***** DATA LISTING
lemma gauss2_split:
  assumes q: "q \<ge> 2" and kn: "k < n"
  shows "gauss2 q n = real q ^ (2*k+2) * gauss2 q (n-k-1) + gauss2 q (k+1)
    + (real q ^ (k+1) - 1) / (real q - 1) * ((real q ^ (n-1) - real q ^ k) / (real q - 1))"
proof -
  define Q X Y where "Q = real q" and "X = real q ^ k" and "Y = real q ^ (n-k-1)"
  have "n = Suc (k + (n-k-1))" and "n - 1 = k + (n-k-1)"
    using kn by simp_all
  then have "real q ^ n = Q * X * Y" and "real q ^ (n-1) = X * Y"
    unfolding Q_def X_def Y_def by (metis power_Suc power_add mult.assoc)+
  moreover have "real q ^ (k+1) = Q * X" and "real q ^ (2*k+2) = (Q * X)^2"
    unfolding Q_def X_def by (simp, simp only: power_double_Suc power_Suc)
  moreover have "Q \<noteq> 0" "Q - 1 \<noteq> 0" "Q + 1 \<noteq> 0"
    using q by (auto simp: Q_def)
  ultimately show ?thesis
    unfolding gauss2_def X_def[symmetric] Y_def[symmetric] unfolding Q_def[symmetric]
    by (simp add: divide_simps) (simp add: algebra_simps power2_eq_square)
qed

lemma gauss2_incr_nonneg: "q \<ge> 2 \<Longrightarrow> gauss2_incr q k \<ge> 0"
  by (simp add: gauss2_incr_def)

lemma gauss2_small:
  assumes "q \<ge> 2"
  shows "gauss2 q 0 = 0" "gauss2 q 1 = 0" "gauss2 q 2 = 1" "gauss2 q 3 = real q^2 + real q + 1"
    "gauss2 q 4 = real q^4 + real q^3 + 2 * real q^2 + real q + 1"
proof -
  have "real q \<noteq> 0" "real q - 1 \<noteq> 0" "real q + 1 \<noteq> 0"
    using assms by auto
  then show "gauss2 q 0 = 0" "gauss2 q 1 = 0" "gauss2 q 2 = 1" "gauss2 q 3 = real q^2 + real q + 1"
    "gauss2 q 4 = real q^4 + real q^3 + 2 * real q^2 + real q + 1"
    unfolding gauss2_def by (simp_all add: divide_simps)
      (simp_all add: algebra_simps power2_eq_square power3_eq_cube power4_eq_xxxx)
qed

lemma gauss2_incr_small:
  assumes "q \<ge> 2"
  shows "gauss2_incr q 0 = 0" "gauss2_incr q 1 = 1" "gauss2_incr q 2 = real q^2 + real q"
  using assms unfolding gauss2_incr_def by (simp_all add: divide_simps power2_eq_square algebra_simps)

lemma gauss2_Suc_add_incr_le:
  assumes q: "q \<ge> 2"
  shows "gauss2 q (Suc k) + real q ^ (2*k+2) * gauss2_incr q b \<le> gauss2_incr q (k+b+1)"
proof -
  define Q X Y where "Q = real q" and "X = real q ^ k" and "Y = real q ^ b"
  have Q: "Q \<ge> 2" and X: "X \<ge> 1" and Y: "Y \<ge> 1"
    using q by (simp_all add: Q_def X_def Y_def)
  have "real q ^ Suc k = Q * X" "real q ^ (k+b+1) = Q * X * Y" "real q ^ (2*k+2) = (Q * X)^2"
    unfolding Q_def X_def Y_def by (simp, simp add: power_add, simp only: power_double_Suc power_Suc)
  moreover have "Q \<noteq> 0" "Q - 1 \<noteq> 0" "Q + 1 \<noteq> 0"
    using Q by auto
  ultimately have gap:
      "gauss2_incr q (k+b+1) - real q ^ (2*k+2) * gauss2_incr q b = (Q*X - 1) / (Q - 1) * (X * Y)"
    and lhs: "gauss2 q (Suc k) = (Q*X - 1) / (Q - 1) * ((X - 1) / ((Q + 1) * (Q - 1)))"
    unfolding gauss2_def gauss2_incr_def Y_def[symmetric] unfolding Q_def[symmetric]
    by (simp_all add: divide_simps) (simp_all add: algebra_simps power2_eq_square)
  have D: "1 \<le> (Q + 1) * (Q - 1)"
    using mult_mono[of 1 "Q + 1" 1 "Q - 1"] Q by simp
  have "(X - 1) / ((Q + 1) * (Q - 1)) \<le> X - 1"
    using mult_left_mono[OF D, of "X - 1"] D X by (simp add: divide_le_eq)
  also have "\<dots> \<le> X * Y"
    using X Y by (smt (verit) mult_le_cancel_left1)
  finally have "gauss2 q (Suc k) \<le> (Q*X - 1) / (Q - 1) * (X * Y)"
    unfolding lhs using mult_mono[of 1 Q 1 X] Q X by (intro mult_left_mono) simp_all
  then show ?thesis
    using gap by linarith
qed
(* Let $G$ be a reaction network with one-dimensional stoichiometric subspace and suppose $cap_{pos}(G)=2N+1$ with $0\le N<+\infty$. If for a rate-constant vector $\kappa^*$ and a total-constant vector $c^*$, $G$ has $2N+1$ nondegenerate positive steady states in $\mathcal P_{c^*}$, then $N+1$ of them are stable if $\sum_{j\in\mathcal L}(\beta_{1j}-\alpha_{1j})\kappa^*_j\prod_{i\in\mathcal J}|A_i|^{\alpha_{ij}}\prod_{i\in\{1,\dots,s\}\setminus\mathcal J}B_i^{\alpha_{ij}}\prod_{k\in\mathcal H,\,k\ne\tau}\Big(\frac{B_k}{|A_k|}-\frac{A_k}{|A_k|}\frac{B_\tau}{A_\tau}\Big)^{\gamma_{kj}}>0$ holds, and $N$ of them are stable if this inequality does not hold (the quantities being computed from $c^*$).
   Context: A reaction network $G$ has species $X_1,\dots,X_s$ and $m$ reactions $\sum_{i}\alpha_{ij}X_i\to\sum_i\beta_{ij}X_i$, $\alpha_{ij},\beta_{ij}\in\mathbb Z_{\ge0}$, $(\alpha_{1j},\dots,\alpha_{sj})\neq(\beta_{1j},\dots,\beta_{sj})$. $\mathcal N$ has entries $\beta_{ij}-\alpha_{ij}$, $S=\mathrm{im}\,\mathcal N$. For $\kappa\in\mathbb R^m_{>0}$, $f(\kappa;x)=\mathcal N(\kappa_1\prod_i x_i^{\alpha_{i1}},\dots,\kappa_m\prod_i x_i^{\alpha_{im}})^\top$. Since $S$ is one-dimensional, species are labelled so that $\beta_{11}-\alpha_{11}\ne0$; for $c\in\mathbb R^{s-1}$, $\mathcal P_c=\{x\in\mathbb R^s_{\ge0}:(\beta_{i1}-\alpha_{i1})x_1-(\beta_{11}-\alpha_{11})x_i=c_{i-1},\ i=2,\dots,s\}$. A steady state is $x\ge0$ with $f(\kappa;x)=0$; positive if $x>0$; nondegenerate if $\mathrm{Jac}_f(x)(S)=S$; stable if nondegenerate and all nonzero eigenvalues of $\mathrm{Jac}_f(x)$ have negative real parts. $cap_{pos}(G)$ is the maximal $N\in\mathbb Z_{\ge0}\cup\{+\infty\}$ such that for some $\kappa,c$, $G$ has $N$ positive steady states in $\mathcal P_c$. Notation for $c^*$: $A_1=1,B_1=0$, $A_i=\frac{\beta_{i1}-\alpha_{i1}}{\beta_{11}-\alpha_{11}}$, $B_i=-\frac{c^*_{i-1}}{\beta_{11}-\alpha_{11}}$ ($i\ge2$). $[i]=\{k:A_k\ne0,B_k/A_k=B_i/A_i\}$ if $A_i\ne0$, $[i]=\{k:A_k=0\}$ otherwise; species labelled so that $1,\dots,r$ represent the $r$ distinct classes. $\varphi_k=\min_j\sum_{i\in[k]}\alpha_{ij}$, $\gamma_{kj}=\sum_{i\in[k]}\alpha_{ij}-\varphi_k$. $\mathcal J=\{i:A_i\ne0\}$, $\mathcal H=\{k\in\{1,\dots,r\}\cap\mathcal J:\gamma_{k1},\dots,\gamma_{km}\text{ not all equal}\}$. Standing assumption: if for some rate constants $G$ has $N$ positive steady states in $\mathcal P_{c^*}$ with $0<N<\infty$, species are labelled so that $1\in\mathcal H$. $I_i=(-B_i/A_i,+\infty)$ if $A_i>0$, $(0,+\infty)$ if $A_i=0$, $(0,-B_i/A_i)$ if $A_i<0$; $I=\bigcap_{k\in\mathcal H}I_k$; $\tau\in\mathcal H$ has $A_\tau>0$ with $-B_\tau/A_\tau$ the left endpoint of $I$; $\mathcal L=\{j:\gamma_{\tau j}=0\}$. *)

theory Defs
  imports "HOL-Analysis.Analysis" "HOL-Library.Extended_Nat"
begin

text \<open>Species are the elements of a finite type 's (s = CARD('s)), reactions the
elements of a finite type 'r (m = CARD('r)).  alpha i j, beta i j are the
stoichiometric coefficients of species i in the reactant/product of reaction j.\<close>

definition stoich_mat :: "('s::finite \<Rightarrow> 'r::finite \<Rightarrow> nat) \<Rightarrow> ('s \<Rightarrow> 'r \<Rightarrow> nat) \<Rightarrow> real^'r^'s" where
  "stoich_mat \<alpha> \<beta> = (\<chi> i j. real (\<beta> i j) - real (\<alpha> i j))"

definition stoich_space :: "('s::finite \<Rightarrow> 'r::finite \<Rightarrow> nat) \<Rightarrow> ('s \<Rightarrow> 'r \<Rightarrow> nat) \<Rightarrow> (real^'s) set" where
  "stoich_space \<alpha> \<beta> = range (\<lambda>v. stoich_mat \<alpha> \<beta> *v v)"

definition reaction_network :: "('s::finite \<Rightarrow> 'r::finite \<Rightarrow> nat) \<Rightarrow> ('s \<Rightarrow> 'r \<Rightarrow> nat) \<Rightarrow> bool" where
  "reaction_network \<alpha> \<beta> \<longleftrightarrow> (\<forall>j. (\<lambda>i. \<alpha> i j) \<noteq> (\<lambda>i. \<beta> i j))"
**********
▸ **WORK REQUIRED**
Tell how many lines above include the word "unfolding". Give the number alone.

▸ **RESPONSE TO THE EXERCISE**
8